De plus, la notification doit mentionner la possibilité de présenter des observations, écrites ou orales, dans un délai de dix jours ; à l’expiration de ce délai, à défaut d’exécution des mesures nécessaires, le Maire met l’intéressé en demeure de se conformer à la réglementation dans un nouveau délai de dix jours.

Ce n’est qu’à l’issue de ce second délai, et dans l’hypothèse où les mesures prescrites pour faire cesser le manquement n’auraient pas été exécutées, que le Maire peut prononcer l’amende administrative, dont le montant, « fixé en fonction de la gravité des faits reprochés », bénéficiera à la commune.

Cette décision, doit, bien sûr, être motivée et indiquer les voies et délais de recours ; elle mentionne également les modalités et le délai de paiement de l’amende. Elle est notifiée par écrit à l’intéressé, transmise au contrôle de légalité, et est susceptible de faire l’objet d’un recours de pleine juridiction devant la juridiction administrative.

L’évolution des pouvoirs de police du Maire pour renforcer l’efficacité de son action

Rappelons que, avant ces dispositions, le Maire, constatant de tels manquements, ne pouvaient que les signaler au Procureur de la République, lequel engageait alors ou non des poursuites pénales. L’évolution des pouvoirs de police du Maire est donc conséquente, et devrait tendre au renforcement de l’efficacité de son action tout en restant, selon le Conseil d’État, dans un cadre conventionnel et constitutionnel.
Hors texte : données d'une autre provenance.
lemma low_set_price_eq_imp_AE:
  assumes "A \<in> sets M" and "p \<le> prob A"
    and "(\<integral>\<omega>. \<gamma> (X \<omega>) * indicator A \<omega> \<partial>M) = low_set_price"
  shows "AE \<omega> in M. indicator A \<omega> = (indicator low_set \<omega> :: real)"
  unfolding low_set_def
  by (rule integral_mult_indicator_sublevel_eq_imp_AE[OF integrable_\<gamma> assms(1) refl])
     (use assms prob_low_set c_pos in \<open>auto simp: low_set_price_def low_set_def\<close>)

lemma G_bd_le_sublevel_payoff:
  assumes "g \<in> G_bd M X \<gamma> x0 m" and A: "A = {\<omega>\<in>space M. g (X \<omega>) \<le> s}"
  shows "AE \<omega> in M. \<gamma> (X \<omega>) * g (X \<omega>) \<le> \<gamma> (X \<omega>) * (m - (m - s) * indicator A \<omega>)"
  using G_bdD(2)[OF assms(1)] AE_space
  by eventually_elim (auto simp: A indicator_def less_imp_le[OF \<gamma>_pos] intro!: mult_left_mono)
Le Conseil d’État avait en effet été saisi, le 26 juillet 2019, d’une lettre rectificative au projet de loi, et avait rendu son avis au gouvernement (avis n° 398312) lors de sa séance du 5 septembre 2019.

Concernant les dispositions du projet de loi relatives à la création d’un nouvel article dans le CGCT donnant pouvoir au maire d’infliger une amende administrative à raison des manquements précités, la Haute Juridiction estimait alors que ce pouvoir d’édiction d’une sanction à caractère punitif constituait une innovation importante, et s’analysait comme une mesure nécessaire à l’accomplissement de la mission de police administrative générale des maires.

De plus, le Conseil d’État considérait que ce pouvoir de sanction, dès lors qu’il était circonscrit à des situations précisément délimitées et objectivement constatables, n’apparaissait pas se heurter à un obstacle constitutionnel ou conventionnel, notamment la liberté d’aller et venir sur la voie publique.

Enfin, la Haute juridiction avait également constaté le respect du principe de légalité des délits et des peines ainsi que des droits de la défense, et avait souscrit au dispositif de mise en œuvre prévoyant, notamment, que la sanction soit transmise au représentant de l’Etat au titre du contrôle de légalité et possiblement soumise au contrôle du juge administratif ; de même, la hauteur maximale de la sanction (500 euros) avait été jugée non-disproportionnée tout en revêtant un caractère dissuasif.

Les décisions du Maire prononçant l’amende donneront lieu, à n’en pas douter, à des contentieux ; il conviendra de suivre et analyser, avec attention et intérêt, les premières décisions juridictionnelles à intervenir.